We also typed between 16 and 48 individuals per population at 7 polymorphic microsatellite loci: GpA19a, GpB20b, GpC26b [19], GpB115 [20], GpCAG133 [21], GmC17 and GmK06 [22]. Primer sequences for the first five loci were modified with the addition of a 4 base "pigtail" sequence (GTTT) to the 5' end of the reverse primer [23]. We performed PCR using a touchdown protocol employing decreasing annealing temperatures of 61 to 51°C over 11 cycles, followed by annealing at 50°C for 35 cycles. The reactions were performed in 12.5 μl volumes using 1× PCR Buffer and 2 mM MgCl2, 0.2 mM each dNTP and 3 μg BSA, 5 pmol fluorescently-labeled forward primer and 5 pmol reverse primer, and 0.5 units AmpliTaq Gold.

Descriptive statistics and marker validation

For mtDNA, we calculated haplotype diversity (H d ) and nucleotide diversity (π) using the program DnaSP v5 [24]. For microsatellites, we calculated allelic richness, as well as observed (H o ) and expected heterozygosities (H e ), using the program GenAlex v. 6.41 [25]. Loci were tested for deviations from Hardy Weinberg equilibrium (HWE) and for linkage disequilibrium (LD) using the program Genepop v4.0 [26]. Markov chain parameters were set to 10,000 dememorizations, 1000 batches, and 10,000 iterations per batch for both tests.

Population differentiation and structure

For both mtDNA and microsatellite data, we calculated estimates of pairwise differentiation between populations using the program Arlequin v3.1 [27] and tested for significant differentiation using 1000 permutations.
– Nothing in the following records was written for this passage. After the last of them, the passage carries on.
text \<open>Schwarz's theorem: both second directional derivatives are limits of the same second
  differences.\<close>

lemma dir_deriv_commute:
  assumes g: "smooth_fn g"
  shows "dir_deriv (dir_deriv g u) v x = dir_deriv (dir_deriv g v) u x"
proof (rule ccontr)
  let ?A = "dir_deriv (dir_deriv g u) v" and ?B = "dir_deriv (dir_deriv g v) u"
  assume "?A x \<noteq> ?B x"
  define e where "e = \<bar>?A x - ?B x\<bar> / 3"
  have e: "e > 0" using \<open>?A x \<noteq> ?B x\<close> unfolding e_def by simp
  have "isCont ?A x" "isCont ?B x"
    using g by (simp_all add: smooth_fn_isCont smooth_fn_dir_deriv)
  then obtain d1 d2 where d: "d1 > 0" "d2 > 0"
    and d1: "\<And>y. norm (y - x) < d1 \<Longrightarrow> \<bar>?A y - ?A x\<bar> < e"
    and d2: "\<And>y. norm (y - x) < d2 \<Longrightarrow> \<bar>?B y - ?B x\<bar> < e"
    using e unfolding continuous_at_eps_delta dist_norm real_norm_def by blast
  define h where "h = min d1 d2 / (2 * (norm u + norm v + 1))"
  have norms: "norm u + norm v + 1 > 0" by (simp add: add_nonneg_pos)
  then have h: "h > 0" unfolding h_def using d by simp
  have small: "h * (norm u + norm v) < min d1 d2"
  proof -
    have "h * (norm u + norm v) \<le> h * (norm u + norm v + 1)" using h by simp
    also have "\<dots> = min d1 d2 / 2" unfolding h_def using norms by (simp add: field_simps)
    finally show ?thesis using d by linarith
  qed
  obtain y1 where y1: "g (x + h *\<^sub>R u + h *\<^sub>R v) - g (x + h *\<^sub>R u) - g (x + h *\<^sub>R v) + g x
                        = h * (h * ?A y1)" "norm (y1 - x) \<le> h * (norm u + norm v)"
    using second_difference_mean_value[OF g h] .
  obtain y2 where y2: "g (x + h *\<^sub>R v + h *\<^sub>R u) - g (x + h *\<^sub>R v) - g (x + h *\<^sub>R u) + g x
                        = h * (h * ?B y2)" "norm (y2 - x) \<le> h * (norm v + norm u)"
    using second_difference_mean_value[OF g h] .
  have "x + h *\<^sub>R v + h *\<^sub>R u = x + h *\<^sub>R u + h *\<^sub>R v" by (simp add: algebra_simps)
  then have "h * (h * ?A y1) = h * (h * ?B y2)" using y1(1) y2(1) by (simp add: algebra_simps)
  then have "?A y1 = ?B y2" using h by simp
  moreover have "\<bar>?A y1 - ?A x\<bar> < e" "\<bar>?B y2 - ?B x\<bar> < e"
    using d1 d2 y1(2) y2(2) small by (simp_all add: add.commute)
  moreover have "\<bar>?A x - ?B x\<bar> = 3 * e" unfolding e_def by simp
  ultimately show False using e by linarith
qed

primrec dir_derivs :: "('a::real_normed_vector \<Rightarrow> real) \<Rightarrow> 'a list \<Rightarrow> 'a \<Rightarrow> real" where
  "dir_derivs g [] = g"
| "dir_derivs g (v # vs) = dir_derivs (dir_deriv g v) vs"

lemma smooth_fn_dir_derivs: "smooth_fn g \<Longrightarrow> smooth_fn (dir_derivs g vs)"
  by (induction vs arbitrary: g) (simp_all add: smooth_fn_dir_deriv)

lemma dir_derivs_snoc: "dir_derivs g (vs @ [v]) = dir_deriv (dir_derivs g vs) v"
  by (induction vs arbitrary: g) simp_all

lemma dir_derivs_snoc_eq_Cons:
  assumes "smooth_fn g"
  shows "dir_derivs g (vs @ [v]) = dir_derivs g (v # vs)"
  using assms
proof (induction vs arbitrary: g)
  case (Cons u vs)
  have "dir_deriv (dir_deriv g u) v = dir_deriv (dir_deriv g v) u"
    by (rule ext) (rule dir_deriv_commute[OF Cons.prems])
  then show ?case using Cons.IH[OF smooth_fn_dir_deriv[OF Cons.prems]] by simp
qed simp

lemma dir_derivs_insort:
  assumes "smooth_fn g"
  shows "dir_derivs g (map e (insort i ms)) = dir_derivs g (map e ms @ [e i])"
  using assms
proof (induction ms arbitrary: g)
  case (Cons m ms)
  show ?case
  proof (cases "i \<le> m")
    case True
    then have "dir_derivs g (map e (insort i (m # ms))) = dir_derivs g (e i # map e (m # ms))"
      by simp
    then show ?thesis using dir_derivs_snoc_eq_Cons[OF Cons.prems] by metis
  next
    case False
    then show ?thesis using Cons.IH[OF smooth_fn_dir_deriv[OF Cons.prems]] by simp
  qed
qed simp

lemma dir_deriv_periodic:
  assumes g: "smooth_fn g" and per: "\<And>x. g (x + T) = g x"
  shows "dir_deriv g v (x + T) = dir_deriv g v x"
proof -
  have "((\<lambda>y. y + T) has_derivative (\<lambda>h. h)) (at x)"
    by (auto intro!: derivative_eq_intros)
  from diff_chain_at[OF this smooth_fn_has_derivative[OF g]]
  have "(g has_derivative (\<lambda>h. dir_deriv g h (x + T))) (at x)"
    by (simp add: o_def per)
  then have "(\<lambda>h. dir_deriv g h (x + T)) = (\<lambda>h. dir_deriv g h x)"
    using has_derivative_unique smooth_fn_has_derivative[OF g] by blast
  then show ?thesis by metis
qed

lemma dir_derivs_periodic:
  assumes "smooth_fn g" and "\<And>x. g (x + T) = g x"
  shows "dir_derivs g vs (x + T) = dir_derivs g vs x"
  using assms
proof (induction vs arbitrary: g)
  case (Cons v vs)
  have "smooth_fn (dir_deriv g v)" and "\<And>x. dir_deriv g v (x + T) = dir_deriv g v x"
    using Cons.prems by (simp_all add: smooth_fn_dir_deriv dir_deriv_periodic)
  then show ?case using Cons.IH by simp
qed simp

lemma has_real_derivative_dir_derivs_along:
  assumes "smooth_fn g" and "\<And>a. A a = x + (a - c) *\<^sub>R u"
  shows "((\<lambda>a. dir_derivs g vs (A a)) has_real_derivative dir_derivs g (vs @ [u]) x) (at c)"
  using has_real_derivative_along_line[OF smooth_fn_dir_derivs[OF assms(1)],
      where x = x and c = c and v = u and b = c]
  by (simp add: assms(2) dir_derivs_snoc)

section \<open>Expressions over the delay jet space\<close>

datatype coord = Ct int | Cq int nat | Cp int nat

fun coord_val :: "jet \<Rightarrow> coord \<Rightarrow> real" where
  "coord_val w (Ct k) = tj w k"
| "coord_val w (Cq k j) = qj w k j"
| "coord_val w (Cp k j) = pj w k j"

fun coord_upd :: "jet \<Rightarrow> coord \<Rightarrow> real \<Rightarrow> jet" where
  "coord_upd w (Ct k) a = w\<lparr>tj := (tj w)(k := a)\<rparr>"
| "coord_upd w (Cq k j) a = w\<lparr>qj := (qj w)(k := (qj w k)(j := a))\<rparr>"
| "coord_upd w (Cp k j) a = w\<lparr>pj := (pj w)(k := (pj w k)(j := a))\<rparr>"

lemma coord_val_upd: "coord_val (coord_upd w c a) c' = (if c' = c then a else coord_val w c')"
  by (cases c; cases c') auto

lemma coord_upd_same [simp]: "coord_upd w c (coord_val w c) = w"
  by (cases c) auto

lemma sum_coord_split:
  fixes \<psi> :: "coord \<Rightarrow> 'a::comm_monoid_add"
  assumes "finite S"
  shows "sum \<psi> S = (\<Sum>k\<in>Ct -` S. \<psi> (Ct k)) + (\<Sum>(k, j)\<in>case_prod Cq -` S. \<psi> (Cq k j))
                    + (\<Sum>(k, j)\<in>case_prod Cp -` S. \<psi> (Cp k j))"
  using assms
proof (induction S rule: finite_induct)
  case (insert x F)
  have fin: "finite (Ct -` F)" "finite (case_prod Cq -` F)" "finite (case_prod Cp -` F)"
    using insert(1) by (auto intro!: finite_vimageI simp: inj_def)
  show ?case
  proof (cases x)
    case (Ct k)
    then have "Ct -` insert x F = insert k (Ct -` F)" "case_prod Cq -` insert x F = case_prod Cq -` F"
      "case_prod Cp -` insert x F = case_prod Cp -` F" "k \<notin> Ct -` F"
      using insert(2) by auto
    then show ?thesis using insert Ct fin by (simp add: ac_simps)
  next
    case (Cq k j)
    then have "Ct -` insert x F = Ct -` F" "case_prod Cq -` insert x F = insert (k, j) (case_prod Cq -` F)"
      "case_prod Cp -` insert x F = case_prod Cp -` F" "(k, j) \<notin> case_prod Cq -` F"
      using insert(2) by auto
    then show ?thesis using insert Cq fin by (simp add: ac_simps)
  next
    case (Cp k j)
    then have "Ct -` insert x F = Ct -` F" "case_prod Cq -` insert x F = case_prod Cq -` F"
      "case_prod Cp -` insert x F = insert (k, j) (case_prod Cp -` F)" "(k, j) \<notin> case_prod Cp -` F"
      using insert(2) by auto
    then show ?thesis using insert Cp fin by (simp add: ac_simps)
  qed
qed simp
We employed measures of differentiation based on haplotype or allelic frequencies (FST) and measures that accounted for the evolutionary distance between haplotypes or alleles (ΦST, RST). Unlike FST, ΦST and RST take into account the evolutionary distance among alleles rather than only their frequencies. We also performed an analysis of molecular variance (AMOVA) on both mtDNA and microsatellite data to evaluate the extent to which genetic variation was explained by differences among and within populations.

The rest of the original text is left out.